REQUIRED WORK → Going through the material below, please gather all lines with the word "assumes" in them.

DATA →

(* Consider problem (PI): minimize $f(x)$ subject to $x\in X$, $g_i(x)\le 0$, $i=1,\dots,m$, where $\Gamma\subseteq\mathbb R^n$ is an open convex set and $X\subseteq\Gamma$ is convex. Let $\bar S$ be its solution set and $\bar x\in\bar S$. Assume $f:\Gamma\to\mathbb R$ is continuously differentiable and quasiconvex on $\Gamma$, $g_i$ for $i\in I(\bar x)$ are differentiable and quasiconvex on $\Gamma$, $g_i$ for $i\notin I(\bar x)$ are continuous at $\bar x$, $\nabla f(\bar x)\ne 0$, GMFCQ holds at $\bar x$, and $\lambda$ is a (fixed) KKT multiplier at $\bar x$. Define \[ \begin{aligned} S_1'(\lambda)&:=\{x\in X_1(\lambda)\mid \nabla f(x)^T(\bar x-x)=0,\ \nabla f(x)\ne0\},\\ S_2'(\lambda)&:=\{x\in X_1(\lambda)\mid \nabla f(x)^T(\bar x-x)\ge0,\ \nabla f(x)\ne0\},\\ S_3'(\lambda)&:=\{x\in X_1(\lambda)\mid \nabla f(x)^T(\bar x-x)=\nabla f(\bar x)^T(x-\bar x),\ \nabla f(x)\ne0\},\\ S_4'(\lambda)&:=\{x\in X_1(\lambda)\mid \nabla f(x)^T(\bar x-x)\ge\nabla f(\bar x)^T(x-\bar x),\ \nabla f(x)\ne0\},\\ S_5'(\lambda)&:=\{x\in X_1(\lambda)\mid \nabla f(x)^T(\bar x-x)=\nabla f(\bar x)^T(x-\bar x)=0,\ \nabla f(x)\ne0\}. \end{aligned} \] Then $\bar S=S_1'(\lambda)=S_2'(\lambda)=S_3'(\lambda)=S_4'(\lambda)=S_5'(\lambda)$.
   Context: Quasiconvexity on $\Gamma$: $f(x+t(y-x))\le\max\{f(x),f(y)\}$ for all $x,y\in\Gamma$, $t\in[0,1]$. Feasible set $S:=\{x\in X\mid g_i(x)\le0,\ i=1,\dots,m\}$; $\bar S$ the set of global minimizers of $f$ on $S$. Active index set $I(x):=\{i\mid g_i(x)=0\}$. For a cone $C$, its negative polar is $C^*:=\{x\in\mathbb R^n\mid c^Tx\le 0\ \forall c\in C\}$; $T_X(x)$ is the tangent cone of $X$ at $x$ and $N_X(x):=(T_X(x))^*$ is the normal cone. GMFCQ holds at $\bar x$ iff there is $y\in (N_X(\bar x))^*$ with $\nabla g_i(\bar x)^Ty<0$ for all $i\in I(\bar x)$. A KKT multiplier at $\bar x$ is $\lambda\in\mathbb R^m$ with $\lambda_i\ge0$ for all $i$, $\lambda_ig_i(\bar x)=0$ for all $i$, and $\big[\nabla f(\bar x)+\sum_{i\in I(\bar x)}\lambda_i\nabla g_i(\bar x)\big]^T(x-\bar x)\ge0$ for all $x\in X$. Define $\tilde I(\bar x,\lambda):=\{i\mid g_i(\bar x)=0,\ \lambda_i>0\}$ and $X_1(\lambda):=\{x\in X\mid g_i(x)=0\ \forall i\in\tilde I(\bar x,\lambda),\ g_i(x)\le0\ \forall i\notin\tilde I(\bar x,\lambda)\}$. *)

theory Defs
  imports "HOL-Analysis.Analysis"
begin

definition quasiconvex_on :: "'a::real_vector set \<Rightarrow> ('a \<Rightarrow> real) \<Rightarrow> bool" where
  "quasiconvex_on \<Gamma> f \<longleftrightarrow>
     (\<forall>x\<in>\<Gamma>. \<forall>y\<in>\<Gamma>. \<forall>t::real. 0 \<le> t \<and> t \<le> 1 \<longrightarrow> f (x + t *\<^sub>R (y - x)) \<le> max (f x) (f y))"

definition neg_polar :: "'a::real_inner set \<Rightarrow> 'a set" where
  "neg_polar C = {x. \<forall>c\<in>C. inner c x \<le> 0}"

definition tangent_cone :: "'a::real_normed_vector set \<Rightarrow> 'a \<Rightarrow> 'a set" where
  "tangent_cone X x = {d. \<exists>t :: nat \<Rightarrow> real. \<exists>dd :: nat \<Rightarrow> 'a.
      (\<forall>k. 0 < t k) \<and> t \<longlonglongrightarrow> 0 \<and> dd \<longlonglongrightarrow> d \<and> (\<forall>k. x + t k *\<^sub>R dd k \<in> X)}"

definition normal_cone :: "'a::real_inner set \<Rightarrow> 'a \<Rightarrow> 'a set" where
  "normal_cone X x = neg_polar (tangent_cone X x)"

end

theory Submission
  imports Defs
begin

text \<open>
  For a differentiable quasiconvex function h, h b \<le> h a forces
  \<open>\<nabla>h(a)\<cdot>(b - a) \<le> 0\<close>, and the inequality is strict when h b < h a and
  \<open>\<nabla>h(a) \<noteq> 0\<close> (perturb b in the direction \<open>\<nabla>h(a)\<close>).
  Applied to the active constraints, the KKT inequality gives \<open>\<nabla>f(xbar)\<cdot>(x - xbar) \<ge> 0\<close>
  on the feasible set, with equality and vanishing multiplier terms at every solution x;
  the strict version then forces \<open>g\<^sub>i(x) = 0\<close> for all i with \<open>\<lambda>\<^sub>i > 0\<close>, so solutions lie in X1.
  At a solution x, f is constant on the segment [xbar, x], hence \<open>\<nabla>f(x)\<cdot>(xbar - x) = 0\<close>;
  and \<open>\<nabla>f(x) \<noteq> 0\<close>, since otherwise \<open>\<nabla>f\<close> would vanish at every point of the segment
  and, by continuity, at xbar. Conversely, a point of X1 with \<open>\<nabla>f(x) \<noteq> 0\<close> and
  \<open>\<nabla>f(x)\<cdot>(xbar - x) \<ge> 0\<close> cannot have f x > f xbar by the strict inequality.
\<close>

lemma gderiv_along_line:
  fixes f :: "'a::real_inner \<Rightarrow> real"
  assumes "GDERIV f a :> D"
  shows "((\<lambda>t. f (a + t *\<^sub>R v)) has_real_derivative inner D v) (at 0)"
proof -
  have line: "((\<lambda>t. a + t *\<^sub>R v) has_derivative (\<lambda>t. t *\<^sub>R v)) (at 0)"
    by (auto intro!: derivative_eq_intros)
  have "(f has_derivative (\<lambda>h. inner h D)) (at (a + 0 *\<^sub>R v))"
    using assms by (simp add: gderiv_def)
  from has_derivative_compose[OF line this] show ?thesis
    by (simp add: has_field_derivative_def inner_commute mult_commute_abs)
qed

lemma DERIV_pos_eventually_at_right_less:
  fixes \<phi> :: "real \<Rightarrow> real"
  assumes "DERIV \<phi> 0 :> c" and "0 < c"
  shows "\<forall>\<^sub>F t in at_right 0. \<phi> 0 < \<phi> t"
  using DERIV_pos_inc_right[OF assms] by (auto simp: eventually_at_right_field)

lemma eventually_at_right_line_in_open:
  fixes b :: "'a::real_normed_vector"
  assumes "open \<Gamma>" and "b \<in> \<Gamma>"
  shows "\<forall>\<^sub>F t in at_right 0. b + t *\<^sub>R v \<in> \<Gamma>"
proof -
  have "((\<lambda>t. b + t *\<^sub>R v) \<longlongrightarrow> b + 0 *\<^sub>R v) (at_right 0)"
    by (intro tendsto_intros)
  then show ?thesis
    using assms by (simp add: topological_tendstoD)
qed

lemma gderiv_orthogonal_if_constant_on_segment:
  fixes f :: "'a::real_inner \<Rightarrow> real"
  assumes "GDERIV f b :> D"
    and const: "\<And>r. 0 \<le> r \<Longrightarrow> r \<le> 1 \<Longrightarrow> f (b + r *\<^sub>R (a - b)) = f b"
  shows "inner D (a - b) = 0"
proof -
  define \<phi> where "\<phi> t = f (b + t *\<^sub>R (a - b))" for t
  have "((\<lambda>t. (\<phi> t - \<phi> 0) / (t - 0)) \<longlongrightarrow> inner D (a - b)) (at 0)"
    using gderiv_along_line[OF assms(1)] unfolding has_field_derivative_iff \<phi>_def .
  then have "((\<lambda>t. (\<phi> t - \<phi> 0) / (t - 0)) \<longlongrightarrow> inner D (a - b)) (at_right 0)"
    by (rule filterlim_at_split[THEN iffD1, THEN conjunct2])
  moreover have "\<forall>\<^sub>F t in at_right 0. (\<phi> t - \<phi> 0) / (t - 0) = 0"
    by (rule eventually_mono[OF eventually_at_right_real[of 0 1]]) (simp_all add: \<phi>_def const)
  ultimately have "((\<lambda>_. 0) \<longlongrightarrow> inner D (a - b)) (at_right (0::real))"
    by (rule Lim_transform_eventually)
  then show ?thesis
    using tendsto_const_iff trivial_limit_at_right_real by metis
qed

lemma quasiconvex_on_gderiv_nonpos:
  fixes h :: "'a::real_inner \<Rightarrow> real"
  assumes qc: "quasiconvex_on \<Gamma> h" and "GDERIV h a :> D"
    and ab: "a \<in> \<Gamma>" "b \<in> \<Gamma>" and "h b \<le> h a"
  shows "inner D (b - a) \<le> 0"
proof (rule ccontr)
  assume "\<not> ?thesis"
  then have "0 < inner D (b - a)"
    by simp
  from DERIV_pos_eventually_at_right_less[OF gderiv_along_line[OF assms(2)] this]
  have "\<forall>\<^sub>F t in at_right 0. h a < h (a + t *\<^sub>R (b - a))"
    unfolding scale_zero_left add_0_right .
  then have "\<forall>\<^sub>F t in at_right 0. h a < h (a + t *\<^sub>R (b - a)) \<and> t \<in> {0<..<1}"
    using eventually_at_right_real[OF zero_less_one] by eventually_elim auto
  then obtain t where "h a < h (a + t *\<^sub>R (b - a))" "0 < t" "t < 1"
    using eventually_happens'[OF trivial_limit_at_right_real] by auto
  moreover have "h (a + t *\<^sub>R (b - a)) \<le> max (h a) (h b)"
    using qc ab \<open>0 < t\<close> \<open>t < 1\<close> unfolding quasiconvex_on_def by simp
  ultimately show False
    using \<open>h b \<le> h a\<close> by linarith
qed

lemma quasiconvex_on_gderiv_neg:
  fixes h :: "'a::real_inner \<Rightarrow> real"
  assumes "open \<Gamma>" and qc: "quasiconvex_on \<Gamma> h" and dh: "GDERIV h a :> D" and "D \<noteq> 0"
    and "isCont h b" and ab: "a \<in> \<Gamma>" "b \<in> \<Gamma>" and "h b < h a"
  shows "inner D (b - a) < 0"
proof -
  have "((\<lambda>t. b + t *\<^sub>R D) \<longlongrightarrow> b + 0 *\<^sub>R D) (at_right 0)"
    by (intro tendsto_intros)
  then have "((\<lambda>t. h (b + t *\<^sub>R D)) \<longlongrightarrow> h b) (at_right 0)"
    using isCont_tendsto_compose[OF \<open>isCont h b\<close>] by simp
  then have "\<forall>\<^sub>F t in at_right 0. h (b + t *\<^sub>R D) < h a"
    using \<open>h b < h a\<close> by (rule order_tendstoD(2))
  then have "\<forall>\<^sub>F t in at_right 0. h (b + t *\<^sub>R D) < h a \<and> b + t *\<^sub>R D \<in> \<Gamma> \<and> 0 < t"
    using eventually_at_right_line_in_open[OF \<open>open \<Gamma>\<close> \<open>b \<in> \<Gamma>\<close>, of D]
      eventually_at_right_less[of 0]
    by eventually_elim auto
  then obtain t where t: "h (b + t *\<^sub>R D) < h a" "b + t *\<^sub>R D \<in> \<Gamma>" "0 < t"
    using eventually_happens'[OF trivial_limit_at_right_real] by auto
  then have "inner D (b + t *\<^sub>R D - a) \<le> 0"
    using quasiconvex_on_gderiv_nonpos[OF qc dh \<open>a \<in> \<Gamma>\<close>] by simp
  moreover have "inner D (b + t *\<^sub>R D - a) = inner D (b - a) + t * (norm D)\<^sup>2"
    by (simp add: inner_diff_right inner_add_right power2_norm_eq_inner)
  moreover have "0 < t * (norm D)\<^sup>2"
    using \<open>0 < t\<close> \<open>D \<noteq> 0\<close> by simp
  ultimately show ?thesis
    by linarith
qed

lemma quasiconvex_on_constant_on_segment:
  fixes f :: "'a::real_inner \<Rightarrow> real"
  assumes "open \<Gamma>" "convex \<Gamma>" and qc: "quasiconvex_on \<Gamma> f" and "continuous_on \<Gamma> f"
    and df: "GDERIV f a :> D" "D \<noteq> 0" and ab: "a \<in> \<Gamma>" "b \<in> \<Gamma>"
    and "f b = f a" and "0 \<le> inner D (b - a)" and r: "0 \<le> r" "r \<le> 1"
  shows "f (a + r *\<^sub>R (b - a)) = f a"
proof (rule antisym)
  show "f (a + r *\<^sub>R (b - a)) \<le> f a"
    using qc ab r \<open>f b = f a\<close> unfolding quasiconvex_on_def by fastforce
  have "a + r *\<^sub>R (b - a) = (1 - r) *\<^sub>R a + r *\<^sub>R b"
    by (simp add: algebra_simps)
  then have y: "a + r *\<^sub>R (b - a) \<in> \<Gamma>"
    using convexD[OF \<open>convex \<Gamma>\<close> ab] r by simp
  have "inner D (a + r *\<^sub>R (b - a) - a) \<ge> 0"
    using r \<open>0 \<le> inner D (b - a)\<close> by simp
  then show "f a \<le> f (a + r *\<^sub>R (b - a))"
    using quasiconvex_on_gderiv_neg[OF \<open>open \<Gamma>\<close> qc df _ ab(1) y] y \<open>continuous_on \<Gamma> f\<close> \<open>open \<Gamma>\<close>
    by (metis continuous_on_eq_continuous_at not_le)
qed

lemma quasiconvex_on_critical_on_level_segment:
  fixes f :: "'a::real_inner \<Rightarrow> real"
  assumes "open \<Gamma>" and qc: "quasiconvex_on \<Gamma> f"
    and db: "GDERIV f b :> 0" and dy: "GDERIV f y :> e"
    and ab: "a \<in> \<Gamma>" "b \<in> \<Gamma>" and "f a \<le> f b"
    and r: "0 < r" "r \<le> 1" and y: "y = a + r *\<^sub>R (b - a)" and "f y = f b"
  shows "e = 0"
proof (rule ccontr)
  assume "e \<noteq> 0"
  \<comment> \<open>Moving b to \<open>b + t *\<^sub>R v\<close> moves y to \<open>y + t *\<^sub>R e\<close>, where f rises above
    both f b and \<open>f (b + t *\<^sub>R v)\<close> for small t > 0, contradicting quasiconvexity.\<close>
  define v where "v = (1 / r) *\<^sub>R e"
  have "DERIV (\<lambda>t. f (y + t *\<^sub>R e) - f (b + t *\<^sub>R v)) 0 :> inner e e - inner 0 v"
    by (intro DERIV_diff gderiv_along_line dy db)
  from DERIV_pos_eventually_at_right_less[OF this]
  have "\<forall>\<^sub>F t in at_right 0. f (b + t *\<^sub>R v) < f (y + t *\<^sub>R e)"
    using \<open>e \<noteq> 0\<close> \<open>f y = f b\<close> by simp
  moreover have "\<forall>\<^sub>F t in at_right 0. f b < f (y + t *\<^sub>R e)"
    using DERIV_pos_eventually_at_right_less[OF gderiv_along_line[OF dy]] \<open>e \<noteq> 0\<close> \<open>f y = f b\<close>
    by simp
  moreover note eventually_at_right_line_in_open[OF \<open>open \<Gamma>\<close> \<open>b \<in> \<Gamma>\<close>, of v]
  ultimately have "\<forall>\<^sub>F t in at_right 0.
      f (b + t *\<^sub>R v) < f (y + t *\<^sub>R e) \<and> f b < f (y + t *\<^sub>R e) \<and> b + t *\<^sub>R v \<in> \<Gamma>"
    by eventually_elim auto
  then obtain t where t: "f (b + t *\<^sub>R v) < f (y + t *\<^sub>R e)" "f b < f (y + t *\<^sub>R e)"
      "b + t *\<^sub>R v \<in> \<Gamma>"
    using eventually_happens'[OF trivial_limit_at_right_real] by auto
  have "a + r *\<^sub>R (b + t *\<^sub>R v - a) = y + t *\<^sub>R e"
    using r by (simp add: v_def y algebra_simps)
  then have "f (y + t *\<^sub>R e) \<le> max (f a) (f (b + t *\<^sub>R v))"
    using qc ab(1) t(3) r unfolding quasiconvex_on_def by (metis less_imp_le)
  then show False
    using t \<open>f a \<le> f b\<close> by linarith
qed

RESULT BELOW →
  assumes "GDERIV f a :> D"
  assumes "DERIV \<phi> 0 :> c" and "0 < c"
  assumes "open \<Gamma>" and "b \<in> \<Gamma>"
  assumes "GDERIV f b :> D"
  assumes qc: "quasiconvex_on \<Gamma> h" and "GDERIV h a :> D"
  assumes "open \<Gamma>" and qc: "quasiconvex_on \<Gamma> h" and dh: "GDERIV h a :> D" and "D \<noteq> 0"
  assumes "open \<Gamma>" "convex \<Gamma>" and qc: "quasiconvex_on \<Gamma> f" and "continuous_on \<Gamma> f"
  assumes "open \<Gamma>" and qc: "quasiconvex_on \<Gamma> f"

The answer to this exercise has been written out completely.